**Exercise directions**
Check each line of the records below for the word "noteq" and copy those where it appears.

**Records for the task**
◇ ◇ ◇

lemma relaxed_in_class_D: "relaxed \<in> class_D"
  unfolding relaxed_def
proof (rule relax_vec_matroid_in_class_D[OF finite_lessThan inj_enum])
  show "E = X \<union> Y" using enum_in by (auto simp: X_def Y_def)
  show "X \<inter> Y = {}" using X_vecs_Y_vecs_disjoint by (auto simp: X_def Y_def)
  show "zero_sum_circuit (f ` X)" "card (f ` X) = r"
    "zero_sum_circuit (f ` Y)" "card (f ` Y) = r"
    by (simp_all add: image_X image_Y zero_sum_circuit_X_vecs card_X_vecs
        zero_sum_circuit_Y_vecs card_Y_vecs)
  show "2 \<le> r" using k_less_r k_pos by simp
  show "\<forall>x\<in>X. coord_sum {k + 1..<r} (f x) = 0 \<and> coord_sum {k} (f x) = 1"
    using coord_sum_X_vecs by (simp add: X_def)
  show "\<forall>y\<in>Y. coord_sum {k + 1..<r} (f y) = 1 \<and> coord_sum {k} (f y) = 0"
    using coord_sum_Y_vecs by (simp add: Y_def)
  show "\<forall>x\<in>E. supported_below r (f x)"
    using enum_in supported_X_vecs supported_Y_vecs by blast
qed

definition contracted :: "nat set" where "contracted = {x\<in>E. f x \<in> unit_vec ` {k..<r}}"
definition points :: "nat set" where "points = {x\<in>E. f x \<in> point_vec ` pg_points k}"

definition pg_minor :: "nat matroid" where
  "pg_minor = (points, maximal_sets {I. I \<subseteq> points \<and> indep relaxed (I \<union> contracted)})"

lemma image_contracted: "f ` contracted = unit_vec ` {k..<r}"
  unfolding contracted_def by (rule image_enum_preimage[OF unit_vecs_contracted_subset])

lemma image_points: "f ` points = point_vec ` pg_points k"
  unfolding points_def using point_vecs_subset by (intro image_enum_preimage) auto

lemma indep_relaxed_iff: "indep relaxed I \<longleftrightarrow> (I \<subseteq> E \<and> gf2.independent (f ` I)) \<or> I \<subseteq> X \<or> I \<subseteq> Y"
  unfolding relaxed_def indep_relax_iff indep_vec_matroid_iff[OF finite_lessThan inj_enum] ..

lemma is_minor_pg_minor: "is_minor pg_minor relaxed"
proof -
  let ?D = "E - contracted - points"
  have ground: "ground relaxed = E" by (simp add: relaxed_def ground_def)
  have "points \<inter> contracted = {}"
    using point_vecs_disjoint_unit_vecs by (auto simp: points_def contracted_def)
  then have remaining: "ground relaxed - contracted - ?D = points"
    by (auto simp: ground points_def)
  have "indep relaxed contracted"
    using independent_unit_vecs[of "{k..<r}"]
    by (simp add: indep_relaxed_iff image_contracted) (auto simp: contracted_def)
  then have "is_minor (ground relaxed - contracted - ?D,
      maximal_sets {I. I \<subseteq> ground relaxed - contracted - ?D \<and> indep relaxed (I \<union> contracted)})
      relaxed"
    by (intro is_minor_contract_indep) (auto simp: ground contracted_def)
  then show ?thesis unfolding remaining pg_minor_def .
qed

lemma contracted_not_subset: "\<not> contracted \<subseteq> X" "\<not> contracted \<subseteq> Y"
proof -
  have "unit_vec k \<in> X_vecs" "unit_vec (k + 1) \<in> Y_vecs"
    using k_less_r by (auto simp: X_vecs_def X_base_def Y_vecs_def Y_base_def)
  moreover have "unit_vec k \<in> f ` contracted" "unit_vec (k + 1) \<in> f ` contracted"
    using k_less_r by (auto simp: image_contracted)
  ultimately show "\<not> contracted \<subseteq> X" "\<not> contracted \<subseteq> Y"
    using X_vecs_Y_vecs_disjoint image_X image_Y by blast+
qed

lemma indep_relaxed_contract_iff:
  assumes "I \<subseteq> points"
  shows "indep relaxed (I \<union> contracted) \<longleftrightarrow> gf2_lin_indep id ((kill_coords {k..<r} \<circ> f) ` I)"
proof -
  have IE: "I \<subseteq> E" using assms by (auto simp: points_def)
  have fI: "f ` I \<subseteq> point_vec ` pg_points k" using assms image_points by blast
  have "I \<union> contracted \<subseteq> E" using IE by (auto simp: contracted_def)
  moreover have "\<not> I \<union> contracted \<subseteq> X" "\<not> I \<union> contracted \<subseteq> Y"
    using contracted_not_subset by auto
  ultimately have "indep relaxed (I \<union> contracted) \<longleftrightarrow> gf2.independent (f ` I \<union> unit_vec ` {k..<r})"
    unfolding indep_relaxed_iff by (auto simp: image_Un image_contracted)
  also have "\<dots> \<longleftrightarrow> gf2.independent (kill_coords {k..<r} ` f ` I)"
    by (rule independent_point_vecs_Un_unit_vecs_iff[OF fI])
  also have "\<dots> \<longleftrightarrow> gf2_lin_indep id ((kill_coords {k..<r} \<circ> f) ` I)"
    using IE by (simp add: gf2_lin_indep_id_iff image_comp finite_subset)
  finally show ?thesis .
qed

◇ ◇ ◇

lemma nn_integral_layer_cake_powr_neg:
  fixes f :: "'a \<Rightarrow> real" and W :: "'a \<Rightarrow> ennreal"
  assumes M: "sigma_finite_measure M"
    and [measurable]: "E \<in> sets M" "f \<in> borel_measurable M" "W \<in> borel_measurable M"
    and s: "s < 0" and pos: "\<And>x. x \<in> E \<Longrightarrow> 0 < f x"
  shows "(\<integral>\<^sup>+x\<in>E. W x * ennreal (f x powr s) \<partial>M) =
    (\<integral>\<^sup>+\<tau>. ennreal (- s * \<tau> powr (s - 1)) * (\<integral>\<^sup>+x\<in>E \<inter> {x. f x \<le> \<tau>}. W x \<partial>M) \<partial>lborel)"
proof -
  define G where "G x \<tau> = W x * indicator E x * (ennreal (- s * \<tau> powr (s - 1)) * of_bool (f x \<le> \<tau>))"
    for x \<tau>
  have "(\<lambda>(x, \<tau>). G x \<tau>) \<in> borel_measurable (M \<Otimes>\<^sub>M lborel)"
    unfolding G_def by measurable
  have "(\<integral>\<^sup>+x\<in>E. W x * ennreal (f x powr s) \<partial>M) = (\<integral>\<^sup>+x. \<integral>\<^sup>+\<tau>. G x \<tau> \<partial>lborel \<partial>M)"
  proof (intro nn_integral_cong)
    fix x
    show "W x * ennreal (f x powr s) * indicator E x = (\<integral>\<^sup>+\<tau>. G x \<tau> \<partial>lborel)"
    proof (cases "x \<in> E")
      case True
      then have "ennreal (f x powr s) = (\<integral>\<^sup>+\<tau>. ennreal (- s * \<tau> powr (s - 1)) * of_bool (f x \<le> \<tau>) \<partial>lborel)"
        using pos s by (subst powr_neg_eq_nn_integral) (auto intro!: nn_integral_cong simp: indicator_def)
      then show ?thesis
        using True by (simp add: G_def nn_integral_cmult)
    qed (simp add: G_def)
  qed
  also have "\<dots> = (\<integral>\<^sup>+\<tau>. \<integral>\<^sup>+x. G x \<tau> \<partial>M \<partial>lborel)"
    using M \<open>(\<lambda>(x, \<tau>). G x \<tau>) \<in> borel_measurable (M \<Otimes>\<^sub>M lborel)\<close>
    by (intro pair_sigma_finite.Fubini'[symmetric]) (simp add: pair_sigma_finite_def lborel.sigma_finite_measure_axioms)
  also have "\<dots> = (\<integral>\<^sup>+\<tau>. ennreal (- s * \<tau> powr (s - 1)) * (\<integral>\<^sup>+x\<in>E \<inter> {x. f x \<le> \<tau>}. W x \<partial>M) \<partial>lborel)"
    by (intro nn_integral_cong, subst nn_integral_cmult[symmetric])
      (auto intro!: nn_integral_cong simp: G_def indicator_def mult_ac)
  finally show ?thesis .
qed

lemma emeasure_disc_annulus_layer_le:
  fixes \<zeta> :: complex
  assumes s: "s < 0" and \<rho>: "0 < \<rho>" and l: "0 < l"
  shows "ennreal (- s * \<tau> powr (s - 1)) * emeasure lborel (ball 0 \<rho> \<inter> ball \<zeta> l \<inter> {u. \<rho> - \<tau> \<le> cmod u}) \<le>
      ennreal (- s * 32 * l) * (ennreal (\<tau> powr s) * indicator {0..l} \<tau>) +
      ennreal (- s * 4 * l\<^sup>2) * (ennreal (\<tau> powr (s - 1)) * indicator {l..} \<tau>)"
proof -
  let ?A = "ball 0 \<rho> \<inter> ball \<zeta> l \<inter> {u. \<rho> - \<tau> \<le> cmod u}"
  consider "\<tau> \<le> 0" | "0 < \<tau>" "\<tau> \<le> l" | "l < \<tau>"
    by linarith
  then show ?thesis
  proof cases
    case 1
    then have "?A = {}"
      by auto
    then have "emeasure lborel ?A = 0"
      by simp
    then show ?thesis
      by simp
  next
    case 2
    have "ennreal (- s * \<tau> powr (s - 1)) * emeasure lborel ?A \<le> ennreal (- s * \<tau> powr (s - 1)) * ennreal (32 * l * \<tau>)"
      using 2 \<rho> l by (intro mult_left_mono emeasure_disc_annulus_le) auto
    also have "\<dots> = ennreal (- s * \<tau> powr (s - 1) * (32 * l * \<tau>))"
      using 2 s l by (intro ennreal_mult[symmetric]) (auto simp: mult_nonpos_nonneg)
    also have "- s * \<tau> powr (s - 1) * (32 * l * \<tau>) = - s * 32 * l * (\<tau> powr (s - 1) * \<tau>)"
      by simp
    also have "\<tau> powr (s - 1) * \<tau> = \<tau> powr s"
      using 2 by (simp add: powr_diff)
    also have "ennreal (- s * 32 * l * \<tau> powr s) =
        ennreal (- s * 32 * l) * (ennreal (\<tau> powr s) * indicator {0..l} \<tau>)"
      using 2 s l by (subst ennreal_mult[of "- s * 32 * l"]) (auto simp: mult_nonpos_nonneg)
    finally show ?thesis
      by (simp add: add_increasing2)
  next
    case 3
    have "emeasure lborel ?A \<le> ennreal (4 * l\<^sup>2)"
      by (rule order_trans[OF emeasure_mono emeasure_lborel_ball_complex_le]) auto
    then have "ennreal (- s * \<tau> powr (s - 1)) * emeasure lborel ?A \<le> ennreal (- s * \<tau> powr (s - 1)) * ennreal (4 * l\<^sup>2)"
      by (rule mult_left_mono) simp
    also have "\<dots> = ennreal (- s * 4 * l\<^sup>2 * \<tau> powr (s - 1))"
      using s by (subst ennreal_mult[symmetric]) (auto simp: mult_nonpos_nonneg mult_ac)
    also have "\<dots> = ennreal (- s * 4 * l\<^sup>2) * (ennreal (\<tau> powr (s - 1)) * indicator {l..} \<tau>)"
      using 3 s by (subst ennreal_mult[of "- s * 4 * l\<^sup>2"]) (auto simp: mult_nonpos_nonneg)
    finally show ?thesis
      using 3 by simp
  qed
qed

◇ ◇ ◇

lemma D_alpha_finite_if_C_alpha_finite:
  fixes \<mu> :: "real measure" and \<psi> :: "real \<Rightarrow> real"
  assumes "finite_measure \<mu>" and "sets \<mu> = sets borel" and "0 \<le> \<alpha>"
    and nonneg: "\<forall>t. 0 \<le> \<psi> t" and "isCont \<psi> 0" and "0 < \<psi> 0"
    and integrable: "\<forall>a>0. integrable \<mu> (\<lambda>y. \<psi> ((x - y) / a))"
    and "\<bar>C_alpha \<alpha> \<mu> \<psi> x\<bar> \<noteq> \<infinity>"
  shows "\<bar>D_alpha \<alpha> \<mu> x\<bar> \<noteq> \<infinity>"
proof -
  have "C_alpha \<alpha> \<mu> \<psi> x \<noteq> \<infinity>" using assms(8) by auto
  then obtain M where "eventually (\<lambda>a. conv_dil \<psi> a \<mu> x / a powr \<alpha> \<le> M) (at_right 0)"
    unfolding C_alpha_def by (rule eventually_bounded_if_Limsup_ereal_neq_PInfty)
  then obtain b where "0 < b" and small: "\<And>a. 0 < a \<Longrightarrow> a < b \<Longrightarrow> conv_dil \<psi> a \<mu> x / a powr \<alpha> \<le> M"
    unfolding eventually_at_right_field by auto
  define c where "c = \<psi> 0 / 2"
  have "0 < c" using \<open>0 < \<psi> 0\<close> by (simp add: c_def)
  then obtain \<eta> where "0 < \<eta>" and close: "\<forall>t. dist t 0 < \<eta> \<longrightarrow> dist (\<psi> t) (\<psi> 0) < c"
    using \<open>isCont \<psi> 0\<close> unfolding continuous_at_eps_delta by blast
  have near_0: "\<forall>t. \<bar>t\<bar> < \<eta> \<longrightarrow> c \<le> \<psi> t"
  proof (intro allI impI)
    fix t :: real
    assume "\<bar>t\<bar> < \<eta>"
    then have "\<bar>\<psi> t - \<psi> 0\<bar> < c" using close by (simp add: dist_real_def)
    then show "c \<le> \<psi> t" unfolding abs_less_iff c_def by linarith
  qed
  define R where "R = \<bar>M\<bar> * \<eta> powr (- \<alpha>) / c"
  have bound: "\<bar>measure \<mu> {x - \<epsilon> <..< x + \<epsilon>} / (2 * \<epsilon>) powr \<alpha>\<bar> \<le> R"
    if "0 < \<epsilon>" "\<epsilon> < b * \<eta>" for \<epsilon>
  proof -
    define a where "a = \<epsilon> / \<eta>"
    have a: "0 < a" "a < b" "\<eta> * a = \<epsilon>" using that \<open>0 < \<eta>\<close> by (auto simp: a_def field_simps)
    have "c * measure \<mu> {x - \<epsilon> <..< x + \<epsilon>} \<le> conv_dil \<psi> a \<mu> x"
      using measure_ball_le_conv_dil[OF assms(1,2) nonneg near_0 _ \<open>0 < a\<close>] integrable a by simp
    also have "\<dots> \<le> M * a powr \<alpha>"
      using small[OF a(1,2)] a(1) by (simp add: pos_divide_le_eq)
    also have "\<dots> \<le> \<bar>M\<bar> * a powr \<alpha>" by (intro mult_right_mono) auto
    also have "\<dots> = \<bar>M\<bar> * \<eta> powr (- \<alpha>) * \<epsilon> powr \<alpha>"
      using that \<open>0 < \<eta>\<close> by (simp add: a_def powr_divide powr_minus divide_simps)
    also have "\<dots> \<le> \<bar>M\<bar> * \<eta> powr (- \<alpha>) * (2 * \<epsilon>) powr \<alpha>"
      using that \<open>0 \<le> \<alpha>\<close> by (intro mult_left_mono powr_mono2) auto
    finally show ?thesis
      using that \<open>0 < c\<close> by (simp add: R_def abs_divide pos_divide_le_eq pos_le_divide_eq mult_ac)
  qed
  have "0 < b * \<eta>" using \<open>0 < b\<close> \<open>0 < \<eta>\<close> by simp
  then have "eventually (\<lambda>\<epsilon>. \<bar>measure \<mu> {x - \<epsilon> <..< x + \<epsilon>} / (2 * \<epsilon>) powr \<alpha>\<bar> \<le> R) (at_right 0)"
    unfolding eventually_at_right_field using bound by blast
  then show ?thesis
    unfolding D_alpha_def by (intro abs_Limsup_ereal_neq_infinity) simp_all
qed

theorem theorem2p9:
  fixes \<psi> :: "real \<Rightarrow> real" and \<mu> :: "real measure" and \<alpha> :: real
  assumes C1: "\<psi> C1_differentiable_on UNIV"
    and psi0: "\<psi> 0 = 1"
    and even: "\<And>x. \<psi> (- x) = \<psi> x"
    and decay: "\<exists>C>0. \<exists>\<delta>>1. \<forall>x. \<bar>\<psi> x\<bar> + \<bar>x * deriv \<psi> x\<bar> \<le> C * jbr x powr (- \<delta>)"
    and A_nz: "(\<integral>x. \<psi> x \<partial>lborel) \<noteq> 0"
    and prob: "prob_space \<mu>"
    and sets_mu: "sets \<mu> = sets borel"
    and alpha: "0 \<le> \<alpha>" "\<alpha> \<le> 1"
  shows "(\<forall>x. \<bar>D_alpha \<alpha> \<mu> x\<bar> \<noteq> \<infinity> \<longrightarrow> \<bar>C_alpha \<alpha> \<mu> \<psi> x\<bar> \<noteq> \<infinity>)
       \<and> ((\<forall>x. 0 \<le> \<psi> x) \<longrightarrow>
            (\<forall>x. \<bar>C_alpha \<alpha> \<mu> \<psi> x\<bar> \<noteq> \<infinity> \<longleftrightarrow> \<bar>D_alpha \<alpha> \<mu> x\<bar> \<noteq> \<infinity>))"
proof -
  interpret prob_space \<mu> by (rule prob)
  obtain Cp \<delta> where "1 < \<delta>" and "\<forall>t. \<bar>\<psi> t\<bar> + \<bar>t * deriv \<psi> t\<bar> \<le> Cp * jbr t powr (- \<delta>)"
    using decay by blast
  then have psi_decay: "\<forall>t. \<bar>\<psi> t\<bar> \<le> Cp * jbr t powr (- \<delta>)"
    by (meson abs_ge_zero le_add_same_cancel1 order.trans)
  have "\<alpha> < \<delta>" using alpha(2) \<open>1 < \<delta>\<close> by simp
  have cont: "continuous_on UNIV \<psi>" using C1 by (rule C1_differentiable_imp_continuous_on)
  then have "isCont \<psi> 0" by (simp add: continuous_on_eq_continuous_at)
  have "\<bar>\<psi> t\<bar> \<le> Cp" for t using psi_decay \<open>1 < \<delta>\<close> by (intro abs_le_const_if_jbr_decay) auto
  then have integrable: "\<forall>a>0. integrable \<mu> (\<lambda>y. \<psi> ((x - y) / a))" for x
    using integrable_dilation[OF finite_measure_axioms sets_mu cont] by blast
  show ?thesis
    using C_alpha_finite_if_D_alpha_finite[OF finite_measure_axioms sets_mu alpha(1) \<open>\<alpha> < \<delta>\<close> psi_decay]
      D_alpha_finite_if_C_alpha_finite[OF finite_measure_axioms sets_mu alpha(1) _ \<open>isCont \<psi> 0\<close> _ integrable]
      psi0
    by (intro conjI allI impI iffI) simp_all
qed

◇ ◇ ◇

**Solution for this problem**
    and "\<bar>C_alpha \<alpha> \<mu> \<psi> x\<bar> \<noteq> \<infinity>"
  shows "\<bar>D_alpha \<alpha> \<mu> x\<bar> \<noteq> \<infinity>"
  have "C_alpha \<alpha> \<mu> \<psi> x \<noteq> \<infinity>" using assms(8) by auto
    and A_nz: "(\<integral>x. \<psi> x \<partial>lborel) \<noteq> 0"
  shows "(\<forall>x. \<bar>D_alpha \<alpha> \<mu> x\<bar> \<noteq> \<infinity> \<longrightarrow> \<bar>C_alpha \<alpha> \<mu> \<psi> x\<bar> \<noteq> \<infinity>)
            (\<forall>x. \<bar>C_alpha \<alpha> \<mu> \<psi> x\<bar> \<noteq> \<infinity> \<longleftrightarrow> \<bar>D_alpha \<alpha> \<mu> x\<bar> \<noteq> \<infinity>))"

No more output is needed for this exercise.